TASK DETAILS: Set each entry down exactly as written.

===== DATA EXCERPTS

(* Let $r>\tfrac32$, $c_0\in\mathcal I^r(\mathbb{S}^1,\mathbb{R}^d)$ and $\rho>0$. Then for all $c_1,c_2\in B_{G^r}(c_0,\rho)$, $$\|c_2-c_1\|_{H^r}\le\alpha(r,c_0,4\rho)\,\operatorname{dist}_{G^r}(c_1,c_2),$$ where $\alpha(r,c_0,\rho')>0$ denotes a constant such that $\alpha^{-1}\|h\|_{H^r}\le\|h\|_{G^r_c}\le\alpha\|h\|_{H^r}$ for all $c\in B_{G^r}(c_0,\rho')$ and all $h\in H^r(\mathbb{S}^1,\mathbb{R}^d)$ (such a constant exists for every $\rho'>0$).
   Context: $\mathbb{S}^1=\mathbb{R}/\mathbb{Z}$; $\|f\|_{H^q}^2=\sum_n(1+n^2)^q|\hat f(n)|^2$, $\|f\|_{\dot H^q}^2=\sum_n|n|^{2q}|\hat f(n)|^2$. For $r>\tfrac32$, $\mathcal I^r(\mathbb{S}^1,\mathbb{R}^d)=\{c\in H^r:c_\theta\neq0\text{ everywhere}\}$ with $T_c\mathcal I^r=H^r$. For $c$: $l_c=\int_0^1|c_\theta|d\theta$, $ds=|c_\theta|d\theta$, $\psi_c(\theta)=\frac1{l_c}\int_0^\theta|c_\theta|$. The metric $G^r$: $\|h\|_{G^r_c}^2=\int|h|^2ds+l_c^{1-2r}\|h\circ\psi_c^{-1}\|_{\dot H^r}^2$; $\operatorname{dist}_{G^r}$ is its geodesic distance on $\mathcal I^r$ (infimum of lengths of piecewise $C^1$ paths) and $B_{G^r}(c_0,\rho)=\{c:\operatorname{dist}_{G^r}(c,c_0)<\rho\}$. *)

theory Defs
  imports "HOL-Analysis.Analysis"
begin

text \<open>Curves on S^1 = R/Z are modelled as 1-periodic functions real => 'a,
  where 'a is a Euclidean space (R^d).  Fourier coefficients are taken over [0,1].\<close>

definition fcoef :: "(real \<Rightarrow> real) \<Rightarrow> int \<Rightarrow> complex" where
  "fcoef g n = integral {0..1} (\<lambda>x. complex_of_real (g x) * cis (- 2 * pi * real_of_int n * x))"

definition fc_sq :: "(real \<Rightarrow> 'a::euclidean_space) \<Rightarrow> int \<Rightarrow> real" where
  "fc_sq f n = (\<Sum>b\<in>Basis. (cmod (fcoef (\<lambda>x. f x \<bullet> b) n))\<^sup>2)"

definition Hr_sq :: "real \<Rightarrow> (real \<Rightarrow> 'a::euclidean_space) \<Rightarrow> real" where
  "Hr_sq q f = infsum (\<lambda>n::int. (1 + (real_of_int n)\<^sup>2) powr q * fc_sq f n) UNIV"

definition Hr_norm :: "real \<Rightarrow> (real \<Rightarrow> 'a::euclidean_space) \<Rightarrow> real" where
  "Hr_norm q f = sqrt (Hr_sq q f)"

definition Hdot_sq :: "real \<Rightarrow> (real \<Rightarrow> 'a::euclidean_space) \<Rightarrow> real" where
  "Hdot_sq q f = infsum (\<lambda>n::int. (real_of_int \<bar>n\<bar>) powr (2 * q) * fc_sq f n) UNIV"

definition in_H :: "real \<Rightarrow> (real \<Rightarrow> 'a::euclidean_space) \<Rightarrow> bool" where
  "in_H q f \<longleftrightarrow> (\<forall>x. f (x + 1) = f x) \<and> f absolutely_integrable_on {0..1}
     \<and> (\<lambda>x. (norm (f x))\<^sup>2) integrable_on {0..1}
     \<and> (\<lambda>n::int. (1 + (real_of_int n)\<^sup>2) powr q * fc_sq f n) summable_on UNIV"

definition Imm :: "real \<Rightarrow> (real \<Rightarrow> 'a::euclidean_space) \<Rightarrow> bool" where
  "Imm r c \<longleftrightarrow> in_H r c \<and> c C1_differentiable_on UNIV
     \<and> (\<forall>\<theta>. vector_derivative c (at \<theta>) \<noteq> 0)"

definition len :: "(real \<Rightarrow> 'a::euclidean_space) \<Rightarrow> real" where
  "len c = integral {0..1} (\<lambda>\<theta>. norm (vector_derivative c (at \<theta>)))"

definition psi :: "(real \<Rightarrow> 'a::euclidean_space) \<Rightarrow> real \<Rightarrow> real" where
  "psi c \<theta> = integral {0..\<theta>} (\<lambda>t. norm (vector_derivative c (at t))) / len c"

definition G_sq :: "real \<Rightarrow> (real \<Rightarrow> 'a::euclidean_space) \<Rightarrow> (real \<Rightarrow> 'a) \<Rightarrow> real" where
  "G_sq r c h = integral {0..1} (\<lambda>\<theta>. (norm (h \<theta>))\<^sup>2 * norm (vector_derivative c (at \<theta>)))
     + len c powr (1 - 2 * r) * Hdot_sq r (h \<circ> inv_into {0..1} (psi c))"

definition G_norm :: "real \<Rightarrow> (real \<Rightarrow> 'a::euclidean_space) \<Rightarrow> (real \<Rightarrow> 'a) \<Rightarrow> real" where
  "G_norm r c h = sqrt (G_sq r c h)"

definition H_has_deriv :: "real \<Rightarrow> (real \<Rightarrow> real \<Rightarrow> 'a::euclidean_space) \<Rightarrow> (real \<Rightarrow> 'a)
    \<Rightarrow> real \<Rightarrow> real set \<Rightarrow> bool" where
  "H_has_deriv r \<gamma> D t S \<longleftrightarrow>
     ((\<lambda>s. Hr_norm r (\<lambda>\<theta>. (1 / (s - t)) *\<^sub>R (\<gamma> s \<theta> - \<gamma> t \<theta>) - D \<theta>)) \<longlongrightarrow> 0) (at t within S)"

definition H_continuous_on :: "real \<Rightarrow> real set \<Rightarrow> (real \<Rightarrow> real \<Rightarrow> 'a::euclidean_space) \<Rightarrow> bool" where
  "H_continuous_on r S D \<longleftrightarrow>
     (\<forall>t\<in>S. ((\<lambda>s. Hr_norm r (\<lambda>\<theta>. D s \<theta> - D t \<theta>)) \<longlongrightarrow> 0) (at t within S))"

definition pw_C1_path :: "real \<Rightarrow> (real \<Rightarrow> real \<Rightarrow> 'a::euclidean_space) \<Rightarrow> (real \<Rightarrow> real \<Rightarrow> 'a) \<Rightarrow> bool" where
  "pw_C1_path r \<gamma> D \<longleftrightarrow> (\<forall>t\<in>{0..1}. Imm r (\<gamma> t)) \<and>
     (\<exists>K. finite K \<and> {0, 1} \<subseteq> K \<and> K \<subseteq> {0..1} \<and>
        (\<forall>a\<in>K. \<forall>b\<in>K. a < b \<and> {a<..<b} \<inter> K = {} \<longrightarrow>
           (\<exists>D'. (\<forall>t\<in>{a..b}. in_H r (D' t) \<and> H_has_deriv r \<gamma> (D' t) t {a..b})
                 \<and> H_continuous_on r {a..b} D'
                 \<and> (\<forall>t\<in>{a<..<b}. D t = D' t))))"

definition path_len :: "real \<Rightarrow> (real \<Rightarrow> real \<Rightarrow> 'a::euclidean_space) \<Rightarrow> (real \<Rightarrow> real \<Rightarrow> 'a) \<Rightarrow> real" where
  "path_len r \<gamma> D = integral {0..1} (\<lambda>t. G_norm r (\<gamma> t) (D t))"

==========

SOLVED EXERCISE:
(* Let $r>\tfrac32$, $c_0\in\mathcal I^r(\mathbb{S}^1,\mathbb{R}^d)$ and $\rho>0$. Then for all $c_1,c_2\in B_{G^r}(c_0,\rho)$, $$\|c_2-c_1\|_{H^r}\le\alpha(r,c_0,4\rho)\,\operatorname{dist}_{G^r}(c_1,c_2),$$ where $\alpha(r,c_0,\rho')>0$ denotes a constant such that $\alpha^{-1}\|h\|_{H^r}\le\|h\|_{G^r_c}\le\alpha\|h\|_{H^r}$ for all $c\in B_{G^r}(c_0,\rho')$ and all $h\in H^r(\mathbb{S}^1,\mathbb{R}^d)$ (such a constant exists for every $\rho'>0$).
   Context: $\mathbb{S}^1=\mathbb{R}/\mathbb{Z}$; $\|f\|_{H^q}^2=\sum_n(1+n^2)^q|\hat f(n)|^2$, $\|f\|_{\dot H^q}^2=\sum_n|n|^{2q}|\hat f(n)|^2$. For $r>\tfrac32$, $\mathcal I^r(\mathbb{S}^1,\mathbb{R}^d)=\{c\in H^r:c_\theta\neq0\text{ everywhere}\}$ with $T_c\mathcal I^r=H^r$. For $c$: $l_c=\int_0^1|c_\theta|d\theta$, $ds=|c_\theta|d\theta$, $\psi_c(\theta)=\frac1{l_c}\int_0^\theta|c_\theta|$. The metric $G^r$: $\|h\|_{G^r_c}^2=\int|h|^2ds+l_c^{1-2r}\|h\circ\psi_c^{-1}\|_{\dot H^r}^2$; $\operatorname{dist}_{G^r}$ is its geodesic distance on $\mathcal I^r$ (infimum of lengths of piecewise $C^1$ paths) and $B_{G^r}(c_0,\rho)=\{c:\operatorname{dist}_{G^r}(c,c_0)<\rho\}$. *)

theory Defs
  imports "HOL-Analysis.Analysis"
begin

text \<open>Curves on S^1 = R/Z are modelled as 1-periodic functions real => 'a,
  where 'a is a Euclidean space (R^d).  Fourier coefficients are taken over [0,1].\<close>

definition fcoef :: "(real \<Rightarrow> real) \<Rightarrow> int \<Rightarrow> complex" where
  "fcoef g n = integral {0..1} (\<lambda>x. complex_of_real (g x) * cis (- 2 * pi * real_of_int n * x))"

definition fc_sq :: "(real \<Rightarrow> 'a::euclidean_space) \<Rightarrow> int \<Rightarrow> real" where
  "fc_sq f n = (\<Sum>b\<in>Basis. (cmod (fcoef (\<lambda>x. f x \<bullet> b) n))\<^sup>2)"

definition Hr_sq :: "real \<Rightarrow> (real \<Rightarrow> 'a::euclidean_space) \<Rightarrow> real" where
  "Hr_sq q f = infsum (\<lambda>n::int. (1 + (real_of_int n)\<^sup>2) powr q * fc_sq f n) UNIV"

definition Hr_norm :: "real \<Rightarrow> (real \<Rightarrow> 'a::euclidean_space) \<Rightarrow> real" where
  "Hr_norm q f = sqrt (Hr_sq q f)"

definition Hdot_sq :: "real \<Rightarrow> (real \<Rightarrow> 'a::euclidean_space) \<Rightarrow> real" where
  "Hdot_sq q f = infsum (\<lambda>n::int. (real_of_int \<bar>n\<bar>) powr (2 * q) * fc_sq f n) UNIV"

definition in_H :: "real \<Rightarrow> (real \<Rightarrow> 'a::euclidean_space) \<Rightarrow> bool" where
  "in_H q f \<longleftrightarrow> (\<forall>x. f (x + 1) = f x) \<and> f absolutely_integrable_on {0..1}
     \<and> (\<lambda>x. (norm (f x))\<^sup>2) integrable_on {0..1}
     \<and> (\<lambda>n::int. (1 + (real_of_int n)\<^sup>2) powr q * fc_sq f n) summable_on UNIV"

definition Imm :: "real \<Rightarrow> (real \<Rightarrow> 'a::euclidean_space) \<Rightarrow> bool" where
  "Imm r c \<longleftrightarrow> in_H r c \<and> c C1_differentiable_on UNIV
     \<and> (\<forall>\<theta>. vector_derivative c (at \<theta>) \<noteq> 0)"

definition len :: "(real \<Rightarrow> 'a::euclidean_space) \<Rightarrow> real" where
  "len c = integral {0..1} (\<lambda>\<theta>. norm (vector_derivative c (at \<theta>)))"

definition psi :: "(real \<Rightarrow> 'a::euclidean_space) \<Rightarrow> real \<Rightarrow> real" where
  "psi c \<theta> = integral {0..\<theta>} (\<lambda>t. norm (vector_derivative c (at t))) / len c"

definition G_sq :: "real \<Rightarrow> (real \<Rightarrow> 'a::euclidean_space) \<Rightarrow> (real \<Rightarrow> 'a) \<Rightarrow> real" where
  "G_sq r c h = integral {0..1} (\<lambda>\<theta>. (norm (h \<theta>))\<^sup>2 * norm (vector_derivative c (at \<theta>)))
     + len c powr (1 - 2 * r) * Hdot_sq r (h \<circ> inv_into {0..1} (psi c))"

definition G_norm :: "real \<Rightarrow> (real \<Rightarrow> 'a::euclidean_space) \<Rightarrow> (real \<Rightarrow> 'a) \<Rightarrow> real" where
  "G_norm r c h = sqrt (G_sq r c h)"

definition H_has_deriv :: "real \<Rightarrow> (real \<Rightarrow> real \<Rightarrow> 'a::euclidean_space) \<Rightarrow> (real \<Rightarrow> 'a)
    \<Rightarrow> real \<Rightarrow> real set \<Rightarrow> bool" where
  "H_has_deriv r \<gamma> D t S \<longleftrightarrow>
     ((\<lambda>s. Hr_norm r (\<lambda>\<theta>. (1 / (s - t)) *\<^sub>R (\<gamma> s \<theta> - \<gamma> t \<theta>) - D \<theta>)) \<longlongrightarrow> 0) (at t within S)"

definition H_continuous_on :: "real \<Rightarrow> real set \<Rightarrow> (real \<Rightarrow> real \<Rightarrow> 'a::euclidean_space) \<Rightarrow> bool" where
  "H_continuous_on r S D \<longleftrightarrow>
     (\<forall>t\<in>S. ((\<lambda>s. Hr_norm r (\<lambda>\<theta>. D s \<theta> - D t \<theta>)) \<longlongrightarrow> 0) (at t within S))"

definition pw_C1_path :: "real \<Rightarrow> (real \<Rightarrow> real \<Rightarrow> 'a::euclidean_space) \<Rightarrow> (real \<Rightarrow> real \<Rightarrow> 'a) \<Rightarrow> bool" where
  "pw_C1_path r \<gamma> D \<longleftrightarrow> (\<forall>t\<in>{0..1}. Imm r (\<gamma> t)) \<and>
     (\<exists>K. finite K \<and> {0, 1} \<subseteq> K \<and> K \<subseteq> {0..1} \<and>
        (\<forall>a\<in>K. \<forall>b\<in>K. a < b \<and> {a<..<b} \<inter> K = {} \<longrightarrow>
           (\<exists>D'. (\<forall>t\<in>{a..b}. in_H r (D' t) \<and> H_has_deriv r \<gamma> (D' t) t {a..b})
                 \<and> H_continuous_on r {a..b} D'
                 \<and> (\<forall>t\<in>{a<..<b}. D t = D' t))))"

definition path_len :: "real \<Rightarrow> (real \<Rightarrow> real \<Rightarrow> 'a::euclidean_space) \<Rightarrow> (real \<Rightarrow> real \<Rightarrow> 'a) \<Rightarrow> real" where
  "path_len r \<gamma> D = integral {0..1} (\<lambda>t. G_norm r (\<gamma> t) (D t))"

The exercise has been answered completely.